### TASK DIRECTIONS
Repeat only the lines below from the one containing "lemma S4_elt_quot: assumes" through the one containing "(\<Sum>i<24. x !", inclusive, exactly as written.

- - - - -

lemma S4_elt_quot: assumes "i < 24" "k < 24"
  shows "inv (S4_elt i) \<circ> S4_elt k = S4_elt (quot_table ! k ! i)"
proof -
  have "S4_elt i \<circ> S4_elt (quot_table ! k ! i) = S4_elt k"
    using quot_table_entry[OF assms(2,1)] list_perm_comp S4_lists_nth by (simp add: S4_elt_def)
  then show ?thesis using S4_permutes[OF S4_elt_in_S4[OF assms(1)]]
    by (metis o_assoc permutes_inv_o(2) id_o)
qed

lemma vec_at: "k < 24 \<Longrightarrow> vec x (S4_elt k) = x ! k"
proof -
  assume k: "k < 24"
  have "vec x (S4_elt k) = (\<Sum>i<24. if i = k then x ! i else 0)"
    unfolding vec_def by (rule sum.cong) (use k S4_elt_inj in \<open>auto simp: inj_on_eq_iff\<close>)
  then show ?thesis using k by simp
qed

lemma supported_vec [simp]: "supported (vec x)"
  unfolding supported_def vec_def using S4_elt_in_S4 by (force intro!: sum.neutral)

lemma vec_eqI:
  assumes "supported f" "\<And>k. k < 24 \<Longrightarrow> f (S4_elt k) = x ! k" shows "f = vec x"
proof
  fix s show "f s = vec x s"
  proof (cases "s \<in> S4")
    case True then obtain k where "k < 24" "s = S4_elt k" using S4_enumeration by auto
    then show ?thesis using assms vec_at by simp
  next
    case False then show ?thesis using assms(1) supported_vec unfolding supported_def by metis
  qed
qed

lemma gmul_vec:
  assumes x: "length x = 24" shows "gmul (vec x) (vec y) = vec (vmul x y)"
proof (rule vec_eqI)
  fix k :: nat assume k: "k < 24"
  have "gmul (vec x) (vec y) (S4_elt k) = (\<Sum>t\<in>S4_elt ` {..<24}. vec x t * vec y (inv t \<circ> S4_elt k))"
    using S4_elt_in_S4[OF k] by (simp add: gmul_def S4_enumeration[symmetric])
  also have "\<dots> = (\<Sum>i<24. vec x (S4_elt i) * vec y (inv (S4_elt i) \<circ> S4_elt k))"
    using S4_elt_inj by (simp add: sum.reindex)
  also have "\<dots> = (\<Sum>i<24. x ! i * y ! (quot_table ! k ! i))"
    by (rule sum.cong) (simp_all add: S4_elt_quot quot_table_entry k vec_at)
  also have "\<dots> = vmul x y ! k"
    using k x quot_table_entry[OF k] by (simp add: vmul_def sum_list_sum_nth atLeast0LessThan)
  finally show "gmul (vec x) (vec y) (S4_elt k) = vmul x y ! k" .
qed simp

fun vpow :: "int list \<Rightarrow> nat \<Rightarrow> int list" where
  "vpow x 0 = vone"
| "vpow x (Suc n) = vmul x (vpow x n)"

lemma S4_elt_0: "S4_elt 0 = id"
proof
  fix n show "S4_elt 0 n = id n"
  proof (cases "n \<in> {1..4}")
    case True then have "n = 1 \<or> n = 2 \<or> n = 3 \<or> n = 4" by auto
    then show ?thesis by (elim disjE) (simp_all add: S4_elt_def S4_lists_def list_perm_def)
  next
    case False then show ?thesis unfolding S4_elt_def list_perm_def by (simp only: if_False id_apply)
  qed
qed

- - - - -

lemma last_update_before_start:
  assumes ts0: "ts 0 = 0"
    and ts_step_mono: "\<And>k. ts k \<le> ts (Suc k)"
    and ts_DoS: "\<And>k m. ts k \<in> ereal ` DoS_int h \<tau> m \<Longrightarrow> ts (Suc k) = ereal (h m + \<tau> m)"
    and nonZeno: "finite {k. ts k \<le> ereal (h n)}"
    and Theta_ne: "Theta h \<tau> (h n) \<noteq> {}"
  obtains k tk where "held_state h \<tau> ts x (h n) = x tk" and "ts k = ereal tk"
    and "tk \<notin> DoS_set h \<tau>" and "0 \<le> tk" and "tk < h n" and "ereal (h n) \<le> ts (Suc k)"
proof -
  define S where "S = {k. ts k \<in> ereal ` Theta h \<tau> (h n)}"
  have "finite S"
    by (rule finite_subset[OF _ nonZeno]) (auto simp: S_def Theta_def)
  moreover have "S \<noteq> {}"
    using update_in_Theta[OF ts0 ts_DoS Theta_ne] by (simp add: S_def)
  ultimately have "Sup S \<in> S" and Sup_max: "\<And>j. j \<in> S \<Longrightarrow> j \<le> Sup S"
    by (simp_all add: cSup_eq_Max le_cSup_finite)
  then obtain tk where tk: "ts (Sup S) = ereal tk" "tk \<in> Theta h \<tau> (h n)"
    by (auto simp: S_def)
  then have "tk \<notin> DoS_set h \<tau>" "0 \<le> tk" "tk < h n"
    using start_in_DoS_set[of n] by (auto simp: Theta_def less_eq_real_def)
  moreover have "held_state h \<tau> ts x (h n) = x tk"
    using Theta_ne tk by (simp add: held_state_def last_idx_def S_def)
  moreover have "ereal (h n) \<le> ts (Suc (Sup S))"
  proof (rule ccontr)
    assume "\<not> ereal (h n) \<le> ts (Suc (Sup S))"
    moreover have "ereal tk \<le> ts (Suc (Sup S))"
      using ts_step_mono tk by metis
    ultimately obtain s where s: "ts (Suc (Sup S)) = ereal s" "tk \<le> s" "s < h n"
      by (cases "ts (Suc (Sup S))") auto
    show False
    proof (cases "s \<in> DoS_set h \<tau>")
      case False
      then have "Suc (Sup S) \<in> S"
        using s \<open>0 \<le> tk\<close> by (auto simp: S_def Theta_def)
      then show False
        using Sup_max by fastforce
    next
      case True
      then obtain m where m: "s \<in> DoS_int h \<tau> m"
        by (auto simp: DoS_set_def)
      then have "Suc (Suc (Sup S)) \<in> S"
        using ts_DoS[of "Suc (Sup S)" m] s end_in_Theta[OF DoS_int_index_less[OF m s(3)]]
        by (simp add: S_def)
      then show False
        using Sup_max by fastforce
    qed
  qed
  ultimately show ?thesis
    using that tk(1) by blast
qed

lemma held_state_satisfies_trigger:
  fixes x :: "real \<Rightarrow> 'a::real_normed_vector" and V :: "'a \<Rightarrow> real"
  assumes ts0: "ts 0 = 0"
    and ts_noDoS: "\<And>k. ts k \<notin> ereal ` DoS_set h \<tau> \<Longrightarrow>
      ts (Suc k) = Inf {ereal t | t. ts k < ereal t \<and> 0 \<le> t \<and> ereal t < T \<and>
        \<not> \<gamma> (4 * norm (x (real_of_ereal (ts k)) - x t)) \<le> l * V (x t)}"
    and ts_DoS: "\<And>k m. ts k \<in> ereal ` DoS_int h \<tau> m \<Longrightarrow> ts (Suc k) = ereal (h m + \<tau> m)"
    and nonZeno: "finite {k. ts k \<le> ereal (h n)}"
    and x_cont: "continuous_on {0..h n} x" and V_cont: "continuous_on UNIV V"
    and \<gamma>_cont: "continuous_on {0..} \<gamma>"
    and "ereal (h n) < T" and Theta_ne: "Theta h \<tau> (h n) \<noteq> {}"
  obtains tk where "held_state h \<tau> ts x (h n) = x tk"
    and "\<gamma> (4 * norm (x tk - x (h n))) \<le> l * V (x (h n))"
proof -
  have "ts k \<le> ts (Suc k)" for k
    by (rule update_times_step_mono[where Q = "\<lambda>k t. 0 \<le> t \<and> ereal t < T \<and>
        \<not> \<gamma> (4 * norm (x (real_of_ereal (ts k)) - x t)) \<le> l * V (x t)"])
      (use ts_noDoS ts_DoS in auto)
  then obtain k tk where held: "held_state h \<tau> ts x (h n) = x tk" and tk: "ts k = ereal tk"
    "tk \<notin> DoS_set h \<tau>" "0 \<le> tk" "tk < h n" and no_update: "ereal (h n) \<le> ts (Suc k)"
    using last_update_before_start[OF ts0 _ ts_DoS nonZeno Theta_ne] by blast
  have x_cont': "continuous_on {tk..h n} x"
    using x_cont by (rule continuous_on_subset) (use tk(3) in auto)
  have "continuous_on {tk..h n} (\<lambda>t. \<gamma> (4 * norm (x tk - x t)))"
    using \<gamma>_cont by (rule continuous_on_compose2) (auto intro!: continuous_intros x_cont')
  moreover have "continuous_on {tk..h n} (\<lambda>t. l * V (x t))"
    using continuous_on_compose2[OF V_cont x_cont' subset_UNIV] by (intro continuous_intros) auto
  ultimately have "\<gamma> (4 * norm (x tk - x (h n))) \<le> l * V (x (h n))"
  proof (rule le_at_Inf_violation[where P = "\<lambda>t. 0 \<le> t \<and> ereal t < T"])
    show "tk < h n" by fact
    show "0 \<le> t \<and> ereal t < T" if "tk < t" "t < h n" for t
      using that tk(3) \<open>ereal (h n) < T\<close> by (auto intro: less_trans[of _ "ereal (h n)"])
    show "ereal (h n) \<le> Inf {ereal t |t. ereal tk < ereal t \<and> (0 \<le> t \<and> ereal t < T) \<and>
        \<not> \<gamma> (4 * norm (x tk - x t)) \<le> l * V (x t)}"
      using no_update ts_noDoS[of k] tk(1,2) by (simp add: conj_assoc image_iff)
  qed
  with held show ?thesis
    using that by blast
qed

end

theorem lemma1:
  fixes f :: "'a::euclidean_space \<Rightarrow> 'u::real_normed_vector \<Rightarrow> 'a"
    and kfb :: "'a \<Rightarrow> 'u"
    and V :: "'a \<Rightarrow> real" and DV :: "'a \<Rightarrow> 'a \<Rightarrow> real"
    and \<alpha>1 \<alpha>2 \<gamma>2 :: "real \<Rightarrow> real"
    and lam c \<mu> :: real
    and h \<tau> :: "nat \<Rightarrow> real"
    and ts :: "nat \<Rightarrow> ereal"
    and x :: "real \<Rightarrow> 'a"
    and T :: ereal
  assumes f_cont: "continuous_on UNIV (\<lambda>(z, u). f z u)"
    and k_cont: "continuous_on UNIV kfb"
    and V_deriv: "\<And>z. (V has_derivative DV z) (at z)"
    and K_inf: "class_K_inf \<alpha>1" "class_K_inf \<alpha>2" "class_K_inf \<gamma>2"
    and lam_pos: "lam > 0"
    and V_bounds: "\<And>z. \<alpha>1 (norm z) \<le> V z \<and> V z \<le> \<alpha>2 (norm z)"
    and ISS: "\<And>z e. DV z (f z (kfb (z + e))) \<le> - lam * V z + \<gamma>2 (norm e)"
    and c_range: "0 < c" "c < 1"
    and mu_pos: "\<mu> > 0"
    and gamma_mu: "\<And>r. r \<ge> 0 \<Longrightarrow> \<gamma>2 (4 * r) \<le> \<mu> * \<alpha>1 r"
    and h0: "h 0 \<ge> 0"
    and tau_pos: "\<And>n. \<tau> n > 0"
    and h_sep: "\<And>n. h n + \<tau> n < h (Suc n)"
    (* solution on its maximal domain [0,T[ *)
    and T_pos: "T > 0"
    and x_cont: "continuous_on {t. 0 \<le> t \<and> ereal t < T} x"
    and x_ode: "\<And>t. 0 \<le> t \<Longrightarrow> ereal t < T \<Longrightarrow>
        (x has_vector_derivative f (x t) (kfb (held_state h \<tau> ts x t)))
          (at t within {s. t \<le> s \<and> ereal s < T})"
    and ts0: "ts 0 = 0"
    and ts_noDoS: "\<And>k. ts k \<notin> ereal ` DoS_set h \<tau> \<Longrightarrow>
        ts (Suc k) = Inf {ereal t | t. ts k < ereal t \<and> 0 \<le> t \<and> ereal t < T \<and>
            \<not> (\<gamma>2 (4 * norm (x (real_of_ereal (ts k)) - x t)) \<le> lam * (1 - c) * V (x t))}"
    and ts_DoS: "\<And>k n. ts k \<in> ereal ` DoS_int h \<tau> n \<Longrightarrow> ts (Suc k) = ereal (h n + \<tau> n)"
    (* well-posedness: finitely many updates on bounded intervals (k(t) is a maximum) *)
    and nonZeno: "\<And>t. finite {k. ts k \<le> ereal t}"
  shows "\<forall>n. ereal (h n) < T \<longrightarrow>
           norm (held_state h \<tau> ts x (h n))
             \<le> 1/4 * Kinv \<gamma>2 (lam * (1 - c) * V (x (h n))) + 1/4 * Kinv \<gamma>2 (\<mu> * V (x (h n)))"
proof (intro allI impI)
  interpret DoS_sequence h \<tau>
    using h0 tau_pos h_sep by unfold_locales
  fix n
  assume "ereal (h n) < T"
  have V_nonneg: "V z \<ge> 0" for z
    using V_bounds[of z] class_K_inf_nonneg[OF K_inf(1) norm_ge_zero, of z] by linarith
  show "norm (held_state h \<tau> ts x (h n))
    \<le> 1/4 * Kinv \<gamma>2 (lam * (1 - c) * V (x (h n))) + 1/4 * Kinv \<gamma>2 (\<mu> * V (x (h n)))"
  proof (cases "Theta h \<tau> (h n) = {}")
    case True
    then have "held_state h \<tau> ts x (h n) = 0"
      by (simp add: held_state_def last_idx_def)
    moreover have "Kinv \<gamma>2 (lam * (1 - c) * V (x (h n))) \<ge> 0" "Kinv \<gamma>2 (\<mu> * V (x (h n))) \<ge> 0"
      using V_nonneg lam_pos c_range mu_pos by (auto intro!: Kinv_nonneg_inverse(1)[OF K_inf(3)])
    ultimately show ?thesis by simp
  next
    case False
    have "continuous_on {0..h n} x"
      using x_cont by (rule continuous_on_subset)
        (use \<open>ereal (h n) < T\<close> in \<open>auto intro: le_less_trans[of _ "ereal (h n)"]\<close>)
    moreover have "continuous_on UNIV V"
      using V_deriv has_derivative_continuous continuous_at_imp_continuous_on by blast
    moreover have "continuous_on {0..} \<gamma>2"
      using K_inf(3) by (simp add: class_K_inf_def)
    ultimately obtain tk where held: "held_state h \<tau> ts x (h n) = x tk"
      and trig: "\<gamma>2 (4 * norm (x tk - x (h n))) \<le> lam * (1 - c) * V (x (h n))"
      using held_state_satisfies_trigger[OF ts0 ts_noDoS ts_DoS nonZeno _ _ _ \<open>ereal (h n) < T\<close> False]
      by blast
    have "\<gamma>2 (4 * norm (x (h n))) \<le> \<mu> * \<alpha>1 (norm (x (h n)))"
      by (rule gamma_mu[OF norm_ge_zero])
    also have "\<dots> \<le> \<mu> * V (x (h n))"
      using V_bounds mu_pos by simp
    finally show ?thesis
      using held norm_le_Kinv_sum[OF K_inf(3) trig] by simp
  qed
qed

- - - - -

### SOLUTION
lemma S4_elt_quot: assumes "i < 24" "k < 24"
  shows "inv (S4_elt i) \<circ> S4_elt k = S4_elt (quot_table ! k ! i)"
proof -
  have "S4_elt i \<circ> S4_elt (quot_table ! k ! i) = S4_elt k"
    using quot_table_entry[OF assms(2,1)] list_perm_comp S4_lists_nth by (simp add: S4_elt_def)
  then show ?thesis using S4_permutes[OF S4_elt_in_S4[OF assms(1)]]
    by (metis o_assoc permutes_inv_o(2) id_o)
qed

lemma vec_at: "k < 24 \<Longrightarrow> vec x (S4_elt k) = x ! k"
proof -
  assume k: "k < 24"
  have "vec x (S4_elt k) = (\<Sum>i<24. if i = k then x ! i else 0)"
    unfolding vec_def by (rule sum.cong) (use k S4_elt_inj in \<open>auto simp: inj_on_eq_iff\<close>)
  then show ?thesis using k by simp
qed

lemma supported_vec [simp]: "supported (vec x)"
  unfolding supported_def vec_def using S4_elt_in_S4 by (force intro!: sum.neutral)

lemma vec_eqI:
  assumes "supported f" "\<And>k. k < 24 \<Longrightarrow> f (S4_elt k) = x ! k" shows "f = vec x"
proof
  fix s show "f s = vec x s"
  proof (cases "s \<in> S4")
    case True then obtain k where "k < 24" "s = S4_elt k" using S4_enumeration by auto
    then show ?thesis using assms vec_at by simp
  next
    case False then show ?thesis using assms(1) supported_vec unfolding supported_def by metis
  qed
qed

lemma gmul_vec:
  assumes x: "length x = 24" shows "gmul (vec x) (vec y) = vec (vmul x y)"
proof (rule vec_eqI)
  fix k :: nat assume k: "k < 24"
  have "gmul (vec x) (vec y) (S4_elt k) = (\<Sum>t\<in>S4_elt ` {..<24}. vec x t * vec y (inv t \<circ> S4_elt k))"
    using S4_elt_in_S4[OF k] by (simp add: gmul_def S4_enumeration[symmetric])
  also have "\<dots> = (\<Sum>i<24. vec x (S4_elt i) * vec y (inv (S4_elt i) \<circ> S4_elt k))"
    using S4_elt_inj by (simp add: sum.reindex)
  also have "\<dots> = (\<Sum>i<24. x ! i * y ! (quot_table ! k ! i))"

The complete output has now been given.